Efficient and parallelizable numerics for optimal control and nonlinear partial differential equations

Abstract

The analysis and optimal control of differential equations are of central interest in various fields of research as well as industrial applications. Given the limitations of analytical methods for solving related problems, one must often devise potent numerical approximations. In practice, attaining accurate solutions will necessitate large-scale approximations that require tailored methods to facilitate efficient computation. This thesis focuses on three topics related to the overarching theme of numerical methods for large-scale optimal control problems and the numerical analysis of complex nonlinear dynamical systems.

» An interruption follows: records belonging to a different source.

lemma affine_param_mem_interval:
  fixes a b t :: real
  assumes "a \<le> b" and "t \<in> {0..1}"
  shows "a + t * (b - a) \<in> {a..b}"
proof -
  have "0 \<le> t * (b - a)" "t * (b - a) \<le> b - a"
    using assms by (simp_all add: mult_left_le_one_le)
  then show ?thesis by simp
qed

lemma If_fun_rescale_unit_interval:
  assumes "a < b" and "continuous_on {a..b} f"
  shows "If_fun f lam \<alpha> a b = If_fun (\<lambda>t. f (a + t * (b - a))) lam \<alpha> 0 1"
proof -
  have subst: "((\<lambda>t. (b - a) *\<^sub>R f (a + t * (b - a))) has_integral integral {a..b} f) {0..1}"
  proof (rule has_integral_substitution[of 0 1 "\<lambda>t. a + t * (b - a)" a b, simplified])
    show "(\<lambda>t. a + t * (b - a)) ` {0..1} \<subseteq> {a..b}"
      using affine_param_mem_interval assms(1) by auto
  qed (use assms in \<open>auto intro!: derivative_eq_intros\<close>)
  have "(b - a) * integral {0..1} (\<lambda>t. f (a + t * (b - a))) = integral {a..b} f"
    using integral_unique[OF subst] by simp
  then have "integral {0..1} (\<lambda>t. f (a + t * (b - a))) = integral {a..b} f / (b - a)"
    using assms(1) by (simp add: field_simps)
  moreover have "a + (1 - \<alpha>) * (b - a) = \<alpha> * a + (1 - \<alpha>) * b"
    by (simp add: algebra_simps)
  ultimately show ?thesis
    by (simp add: If_fun_def)
qed

lemma s_convex_on_bound_affine:
  assumes "s_convex_on s a b \<phi>" and "a \<le> b" and "t \<in> {0..1}"
  shows "\<phi> (a + t * (b - a)) \<le> t powr s * \<phi> b + (1 - t) powr s * \<phi> a"
proof -
  have "\<phi> (\<theta> * x + (1 - \<theta>) * y) \<le> \<theta> powr s * \<phi> x + (1 - \<theta>) powr s * \<phi> y"
    if "x \<in> {a..b}" "y \<in> {a..b}" "\<theta> \<in> {0..1}" for x y \<theta>
    using assms(1) that unfolding s_convex_on_def by blast
  moreover have "a + t * (b - a) = t * b + (1 - t) * a"
    by (simp add: algebra_simps)
  ultimately show ?thesis
    using assms(2,3) by simp
qed
text \<open>The tracking point obtained by compactness lies in \<open>K \<subseteq> Q\<close>, hence off the orbit of a point
  of \<open>L\<close>, which avoids the invariant set \<open>Q\<close>.\<close>
lemma Inter_tracked_points_subset_NE:
  assumes "\<And>s. continuous_on UNIV (f s)" and "compact K"
    and "K \<subseteq> Q" and "L \<inter> Q = {}" and invariant: "\<And>s. f s -` Q = Q"
  shows "(\<Inter>n. tracked_points f \<epsilon> (real n) L K) \<subseteq> NE f \<epsilon>"
proof
  fix z assume z: "z \<in> (\<Inter>n. tracked_points f \<epsilon> (real n) L K)"
  define W where "W n = (\<Inter>s\<in>{- real n..real n}. {k. dist (f s z) (f s k) \<le> \<epsilon>})" for n :: nat
  have "K \<inter> (\<Inter>n. W n) \<noteq> {}"
  proof (rule compact_Int_decseq_closed_nonempty[OF \<open>compact K\<close>])
    show "closed (W n)" for n
      unfolding W_def
      by (intro closed_INT ballI closed_Collect_le continuous_intros continuous_on_compose2[OF assms(1)]) auto
    show "decseq W"
      unfolding W_def decseq_def by (intro allI impI INF_superset_mono) auto
    show "K \<inter> W n \<noteq> {}" for n
    proof -
      obtain k where "k \<in> K" "\<forall>s\<in>{- real n..real n}. dist (f s z) (f s k) \<le> \<epsilon>"
        using z unfolding tracked_points_def by blast
      then have "k \<in> K \<inter> W n"
        unfolding W_def by blast
      then show ?thesis
        by blast
    qed
  qed
  then obtain k where "k \<in> K" and k: "\<And>n. k \<in> W n"
    by blast
  have "k \<in> Gamma_set f \<epsilon> z"
    unfolding Gamma_set_def
  proof (intro CollectI allI)
    fix s :: real
    have "s \<in> {- real (nat \<lceil>\<bar>s\<bar>\<rceil>)..real (nat \<lceil>\<bar>s\<bar>\<rceil>)}"
      by auto linarith+
    then show "dist (f s z) (f s k) \<le> \<epsilon>"
      using k unfolding W_def by blast
  qed
  moreover have "k \<notin> range (\<lambda>s. f s z)"
  proof
    assume "k \<in> range (\<lambda>s. f s z)"
    then obtain s where "f s z \<in> Q"
      using \<open>k \<in> K\<close> \<open>K \<subseteq> Q\<close> by blast
    then have "z \<in> Q"
      using invariant[of s] by blast
    then show False
      using z \<open>L \<inter> Q = {}\<close> unfolding tracked_points_def by blast
  qed
  ultimately show "z \<in> NE f \<epsilon>"
    unfolding NE_def by blast
qed
lemma nn_integral_powr_finite:
  fixes d :: "real \<Rightarrow> real"
  assumes \<alpha>: "0 < \<alpha>" "\<alpha> < \<theta>" and "0 \<le> c"
    and d: "\<And>x. 0 < x \<Longrightarrow> 0 \<le> d x \<and> d x \<le> 1 \<and> d x \<le> c * x powr \<theta>"
  shows "(\<integral>\<^sup>+x. ennreal (indicator {0<..} x * x powr (- \<alpha> - 1) * d x) \<partial>lborel) < \<infinity>"
proof -
  have "(\<integral>\<^sup>+x. ennreal (indicator {0<..} x * x powr (- \<alpha> - 1) * d x) \<partial>lborel)
      \<le> (\<integral>\<^sup>+x. ennreal c * ennreal (indicator {0..1} x * x powr (\<theta> - \<alpha> - 1))
            + ennreal (indicator {1..} x * x powr (- \<alpha> - 1)) \<partial>lborel)"
  proof (rule nn_integral_mono)
    fix x :: real
    have "indicator {0<..} x * x powr (- \<alpha> - 1) * d x
        \<le> c * (indicator {0..1} x * x powr (\<theta> - \<alpha> - 1)) + indicator {1..} x * x powr (- \<alpha> - 1)"
    proof (cases "0 < x")
      case True
      have "x powr (- \<alpha> - 1) * d x \<le> x powr (- \<alpha> - 1) * (c * x powr \<theta>)"
        using d[OF True] by (intro mult_left_mono) auto
      also have "\<dots> = c * x powr (\<theta> - \<alpha> - 1)" by (simp add: powr_add[symmetric] algebra_simps)
      finally have small: "x powr (- \<alpha> - 1) * d x \<le> c * x powr (\<theta> - \<alpha> - 1)" .
      have "x powr (- \<alpha> - 1) * d x \<le> x powr (- \<alpha> - 1)"
        using d[OF True] by (intro mult_left_le) auto
      then show ?thesis using True small \<open>0 \<le> c\<close> by (auto simp: indicator_def)
    qed (simp add: \<open>0 \<le> c\<close>)
    then show "ennreal (indicator {0<..} x * x powr (- \<alpha> - 1) * d x)
        \<le> ennreal c * ennreal (indicator {0..1} x * x powr (\<theta> - \<alpha> - 1))
          + ennreal (indicator {1..} x * x powr (- \<alpha> - 1))"
      using \<open>0 \<le> c\<close> by (simp add: ennreal_mult'[symmetric] ennreal_plus[symmetric] del: ennreal_plus)
  qed
  also have "\<dots> = ennreal c * (\<integral>\<^sup>+x. ennreal (indicator {0..1} x * x powr (\<theta> - \<alpha> - 1)) \<partial>lborel)
      + (\<integral>\<^sup>+x. ennreal (indicator {1..} x * x powr (- \<alpha> - 1)) \<partial>lborel)"
    by (subst nn_integral_add) (auto simp: nn_integral_cmult)
  also have "\<dots> < \<infinity>"
    using \<alpha> by (simp add: nn_integral_powr_0_1 nn_integral_powr_1_infinity ennreal_mult_less_top)
  finally show ?thesis .
qed
lemma proj_class_sc3:
  fixes v :: "'k::field vec3"
  assumes "c \<noteq> 0"
  shows "proj_class (sc3 c v) = proj_class v"
proof (intro set_eqI iffI)
  fix w assume "w \<in> proj_class (sc3 c v)"
  then obtain c' where "c' \<noteq> 0" "w = sc3 (c' * c) v"
    unfolding proj_class_def by (auto simp: sc3_sc3)
  moreover from this assms have "c' * c \<noteq> 0" by simp
  ultimately show "w \<in> proj_class v" unfolding proj_class_def by blast
next
  fix w assume "w \<in> proj_class v"
  then obtain c' where "c' \<noteq> 0" "w = sc3 (c' / c) (sc3 c v)"
    using assms unfolding proj_class_def by (auto simp: sc3_sc3)
  moreover from this assms have "c' / c \<noteq> 0" by simp
  ultimately show "w \<in> proj_class (sc3 c v)" unfolding proj_class_def by blast
qed

lemma proj_class_dot3_iff:
  assumes "Rep_ppoint P = proj_class v"
  shows "(\<exists>w \<in> Rep_ppoint P. dot3 a w = 0) \<longleftrightarrow> dot3 a v = 0"
proof
  assume "\<exists>w \<in> Rep_ppoint P. dot3 a w = 0"
  then obtain c where "c \<noteq> 0" "dot3 a (sc3 c v) = 0"
    using assms by (auto simp: proj_class_def)
  then show "dot3 a v = 0" by (simp add: dot3_sc3_right)
next
  have "v = sc3 1 v" by (simp add: sc3_def)
  with assms have "v \<in> Rep_ppoint P" by (auto simp: proj_class_def intro!: exI[of _ 1])
  then show "dot3 a v = 0 \<Longrightarrow> \<exists>w \<in> Rep_ppoint P. dot3 a w = 0" by blast
qed

lemma distinct_lines_inter_unique:
  fixes L M :: "'k::field ppoint set"
  assumes "is_line L" "is_line M" "L \<noteq> M" "P \<in> L \<inter> M" "Q \<in> L \<inter> M"
  shows "P = Q"
proof -
  obtain a where a: "a \<noteq> (0,0,0)" "L = {P. \<exists>v \<in> Rep_ppoint P. dot3 a v = 0}"
    using assms(1) unfolding is_line_def by blast
  obtain b where b: "b \<noteq> (0,0,0)" "M = {P. \<exists>v \<in> Rep_ppoint P. dot3 b v = 0}"
    using assms(2) unfolding is_line_def by blast
  have ab: "cross3 a b \<noteq> (0,0,0)"
  proof
    assume "cross3 a b = (0,0,0)"
    then obtain c where c: "b = sc3 c a" using cross3_eq_0_imp_sc3 a(1) by blast
    with b(1) have "c \<noteq> 0" by (auto simp: sc3_eq_0_iff)
    with a(2) b(2) c have "L = M" by (simp add: dot3_sc3_left)
    with assms(3) show False by contradiction
  qed
  have "Rep_ppoint R = proj_class (cross3 a b)" if "R \<in> L \<inter> M" for R
  proof -
    obtain v where v: "v \<noteq> (0,0,0)" "Rep_ppoint R = proj_class v"
      using Rep_ppoint[of R] by auto
    have "dot3 a v = 0" "dot3 b v = 0" using that a b proj_class_dot3_iff[OF v(2)] by auto
    then obtain c where c: "v = sc3 c (cross3 a b)"
      using cross3_eq_0_imp_sc3[OF ab] cross3_cross3_eq_0 by blast
    with v have "c \<noteq> 0" by (auto simp: sc3_eq_0_iff)
    with v c show ?thesis by (simp add: proj_class_sc3)
  qed
  then show ?thesis using assms(4,5) by (metis Rep_ppoint_inject)
qed

lemma defines_configD:
  assumes "defines_config X d s Xs Ls"
  shows "config_type d s" "X = (\<Union>i\<in>{1..s}. Xs i)"
    "\<And>i. i \<in> {1..s} \<Longrightarrow> is_line (Ls i)" "\<And>i. i \<in> {1..s} \<Longrightarrow> Xs i \<subseteq> X"
    "\<And>i. i \<in> {1..s} \<Longrightarrow> finite (Xs i)" "\<And>i. i \<in> {1..s} \<Longrightarrow> card (Xs i) = d i"
    "\<And>i. i \<in> {1..s} \<Longrightarrow> Xs i \<subseteq> Ls i" "inj_on Ls {1..s}"
    "\<And>i j. i \<in> {1..s} \<Longrightarrow> j \<in> {1..s} \<Longrightarrow> j < i \<Longrightarrow> Ls i \<inter> Xs j = {}"
  using assms unfolding defines_config_def by auto

lemma config_type_add_diff_le:
  assumes "config_type d s" "1 \<le> i" "i \<le> j" "j \<le> s"
  shows "d i + (j - i) \<le> d j"
  using assms(3,4)
proof (induction j rule: dec_induct)
  case (step n)
  with assms(1,2) have "d n < d (Suc n)" unfolding config_type_def by simp
  with step show ?case by simp
qed simp

lemma line_inter_config:
  assumes dc: "defines_config X d s Xs Ls" and i: "i \<in> {1..s}"
  shows "Ls i \<inter> X = Xs i \<union> (\<Union>j\<in>{i<..s}. Ls i \<inter> Xs j)"
proof -
  note D = defines_configD[OF dc]
  have "Ls i \<inter> Xs j = {}" if "j \<in> {1..s}" "j < i" for j
    using D(9) i that by blast
  then show ?thesis using D(2) D(7)[OF i] i by fastforce
qed

lemma card_line_inter_points_le_1:
  assumes dc: "defines_config X d s Xs Ls" and ij: "i \<in> {1..s}" "j \<in> {1..s}" "i \<noteq> j"
  shows "card (Ls i \<inter> Xs j) \<le> 1"
proof -
  note D = defines_configD[OF dc]
  have "Ls i \<noteq> Ls j" using D(8) ij unfolding inj_on_def by blast
  then have "P = Q" if "P \<in> Ls i \<inter> Xs j" "Q \<in> Ls i \<inter> Xs j" for P Q
    using distinct_lines_inter_unique[OF D(3)[OF ij(1)] D(3)[OF ij(2)]] D(7)[OF ij(2)] that
    by blast
  with D(5)[OF ij(2)] show ?thesis by (simp add: card_le_Suc0_iff_eq)
qed

lemma card_line_inter_le_sum:
  assumes dc: "defines_config X d s Xs Ls" and i: "i \<in> {1..s}"
  shows "card (Ls i \<inter> X) \<le> d i + (\<Sum>j\<in>{i<..s}. card (Ls i \<inter> Xs j))"
proof -
  have "card (Ls i \<inter> X) \<le> card (Xs i) + card (\<Union>j\<in>{i<..s}. Ls i \<inter> Xs j)"
    unfolding line_inter_config[OF dc i] by (rule card_Un_le)
  also have "card (\<Union>j\<in>{i<..s}. Ls i \<inter> Xs j) \<le> (\<Sum>j\<in>{i<..s}. card (Ls i \<inter> Xs j))"
    by (rule card_UN_le) simp
  finally show ?thesis using defines_configD(6)[OF dc i] by simp
qed

lemma sum_card_line_inter_le:
  assumes dc: "defines_config X d s Xs Ls" and i: "i \<in> {1..s}"
  shows "(\<Sum>j\<in>{i<..s}. card (Ls i \<inter> Xs j)) \<le> s - i"
proof -
  have "(\<Sum>j\<in>{i<..s}. card (Ls i \<inter> Xs j)) \<le> (\<Sum>j\<in>{i<..s}. 1)"
    by (rule sum_mono) (use card_line_inter_points_le_1[OF dc] i in auto)
  then show ?thesis by simp
qed

lemma card_line_inter_le:
  assumes dc: "defines_config X d s Xs Ls" and i: "i \<in> {1..s}"
  shows "card (Ls i \<inter> X) \<le> d s"
  using card_line_inter_le_sum[OF dc i] sum_card_line_inter_le[OF dc i]
    config_type_add_diff_le[OF defines_configD(1)[OF dc], of i s] i
  by fastforce

lemma card_last_line_inter:
  assumes dc: "defines_config X d s Xs Ls" and s: "1 \<le> s"
  shows "card (Ls s \<inter> X) = d s"
  using line_inter_config[OF dc] defines_configD(6)[OF dc] s by simp

lemma full_line_inter_points:
  assumes dc: "defines_config X d s Xs Ls" and i: "i \<in> {1..s}"
    and full: "card (Ls i \<inter> X) = d s" and j: "j \<in> {i<..s}"
  shows "card (Ls i \<inter> Xs j) = 1"
proof (rule ccontr)
  assume "card (Ls i \<inter> Xs j) \<noteq> 1"
  with card_line_inter_points_le_1[OF dc, of i j] i j have "card (Ls i \<inter> Xs j) < 1" by auto
  then have "(\<Sum>j\<in>{i<..s}. card (Ls i \<inter> Xs j)) < (\<Sum>j\<in>{i<..s}. 1)"
    by (intro sum_strict_mono_ex1) (use card_line_inter_points_le_1[OF dc] i j in auto)
  with card_line_inter_le_sum[OF dc i] full
    config_type_add_diff_le[OF defines_configD(1)[OF dc], of i s] i
  show False by simp
qed

lemma full_line_type_step:
  assumes dc: "defines_config X d s Xs Ls" and i: "i \<in> {1..s}"
    and full: "card (Ls i \<inter> X) = d s" and k: "i \<le> k" "k < s"
  shows "d (Suc k) = Suc (d k)"
proof -
  note T = defines_configD(1)[OF dc]
  have "d s \<le> d i + (s - i)"
    using card_line_inter_le_sum[OF dc i] sum_card_line_inter_le[OF dc i] full by linarith
  moreover have "d i + (k - i) \<le> d k" "d (Suc k) + (s - Suc k) \<le> d s"
    using config_type_add_diff_le[OF T] i k by simp_all
  moreover have "d k < d (Suc k)" using T i k unfolding config_type_def by simp
  ultimately show ?thesis using k by linarith
qed

locale full_line =
  fixes X :: "'k::field ppoint set" and d :: "nat \<Rightarrow> nat" and s :: nat
    and Xs Ls :: "nat \<Rightarrow> 'k ppoint set" and i :: nat
  assumes config: "defines_config X d s Xs Ls"
    and i: "1 \<le> i" "i < s"
    and full: "card (Ls i \<inter> X) = d s"
begin

definition move_index :: "nat \<Rightarrow> nat" where
  "move_index k = (if k < i then k else if k < s then Suc k else i)"

definition moved_lines :: "nat \<Rightarrow> 'k ppoint set" where
  "moved_lines = Ls \<circ> move_index"

definition moved_points :: "nat \<Rightarrow> 'k ppoint set" where
  "moved_points k =
     (if k < i then Xs k else if k < s then Xs (Suc k) - Ls i else Ls i \<inter> X)"

lemma moved_lines_last: "moved_lines s = Ls i"
  and moved_lines_shift: "i \<le> k \<Longrightarrow> k < s \<Longrightarrow> moved_lines k = Ls (Suc k)"
  using i by (simp_all add: moved_lines_def move_index_def)

lemma move_index_in: "k \<in> {1..s} \<Longrightarrow> move_index k \<in> {1..s}"
  using i by (auto simp: move_index_def)

lemma inj_on_moved_lines: "inj_on moved_lines {1..s}"
proof -
  have "inj_on move_index {1..s}" using i unfolding inj_on_def move_index_def by auto
  moreover have "inj_on Ls (move_index ` {1..s})"
    using inj_on_subset[OF defines_configD(8)[OF config]] move_index_in by blast
  ultimately show ?thesis unfolding moved_lines_def by (rule comp_inj_on)
qed

lemma moved_points_subset:
  assumes k: "k \<in> {1..s}"
  shows "moved_points k \<subseteq> X"
  using defines_configD(4)[OF config, of k] defines_configD(4)[OF config, of "Suc k"] k
  by (auto simp: moved_points_def)

lemma Union_moved_points: "X = (\<Union>k\<in>{1..s}. moved_points k)"
proof (intro equalityI subsetI)
  note D = defines_configD[OF config]
  fix x assume x: "x \<in> X"
  then obtain j where j: "j \<in> {1..s}" "x \<in> Xs j" using D(2) by blast
  consider "j < i" | "x \<in> Ls i" | "i < j" "x \<notin> Ls i"
    using j D(7)[of i] i by fastforce
  then show "x \<in> (\<Union>k\<in>{1..s}. moved_points k)"
  proof cases
    case 1 with j show ?thesis by (auto simp: moved_points_def)
  next
    case 2 with x i have "x \<in> moved_points s" by (simp add: moved_points_def)
    with i show ?thesis by auto
  next
    case 3 with j have "x \<in> moved_points (j - 1)" by (auto simp: moved_points_def)
    moreover have "j - 1 \<in> {1..s}" using 3 i j by auto
    ultimately show ?thesis by blast
  qed
next
  fix x assume "x \<in> (\<Union>k\<in>{1..s}. moved_points k)"
  then show "x \<in> X" using moved_points_subset by blast
qed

In the first part, we derive a new parallel-in-time approach for solving large-scale optimization problems constrained by time-dependent partial differential equations arising from fluid dynamics. The solver consists of a preconditioner used within a flexible GMRES iteration. The preconditioner involves the use of a block circulant approximation of the original matrices, enabling parallelization-in-time via the use of fast Fourier transforms. We devise bespoke matrix approximations which may be applied within this framework. These make use of block row and column operations, saddle-point approximations, commutator arguments for divergence and gradient terms, as well as inner solvers such as the Uzawa method, Chebyshev semi-iteration, and multigrid.

Theoretical results underpin our strategy of applying a block circulant strategy, and numerical experiments demonstrate the effectiveness and robustness of our approach on Stokes and Oseen problems. Notably, satisfying results for the strong and weak scaling of our methods are provided within a fully parallel architecture. To our knowledge, this is the first parallelizable preconditioner for fluid flow problems with such a strong theoretical foundation.

While the first part of this thesis addresses optimal control for linear systems, which are well understood, the analysis and computation of nonlinear problems pose significantly greater challenges. Linearization methods for nonlinear systems can provide a partial solution by converting the problem into a linear system. This allows for the application of techniques designed for linear systems to be utilized for nonlinear systems as well. However, linearization methods currently lack a solid mathematical framework when applied to partial differential equations and in the context of their optimal control. In the second part of this thesis, we explore how the Carleman linearization---one particular class of linearization methods---can be extended to dynamical systems on infinite-dimensional Hilbert spaces with quadratic nonlinearities. We demonstrate the well-posedness and convergence of the truncated Carleman linearization under suitable assumptions on the dynamical system, which encompass many common parabolic semi-linear partial differential equations. Upon discretization, we show that the total approximation error of the linearization decomposes into two independent components: the discretization error and the linearization error. This decomposition yields convergence bounds of the linearization independent of the discretization. Furthermore, it motivates the use of non-standard structure-exploiting numerical methods. Finally, we verify the theoretical convergence results with numerical experiments.

Lastly, we consider the solution of saddle-point systems with a tree-based block structure. Such problems stem from optimal control problems that consist of small, distributed control problems linked by coupling on a limited number of degrees of freedom with a specific graph structure. As our key contribution, we propose several structure-exploiting preconditioners to be used during applications of the GMRES algorithm and analyze their properties. We adapt several concepts originating in the field of multigrid methods, obtaining a variety of adapted multi-level methods. We analyze the complexity of all algorithms, and derive a number of results on eigenvalues of the preconditioned system and convergence of iterative methods. We validate our theoretical findings through a range of numerical experiments, demonstrating the convergence and efficacy of the developed preconditioners.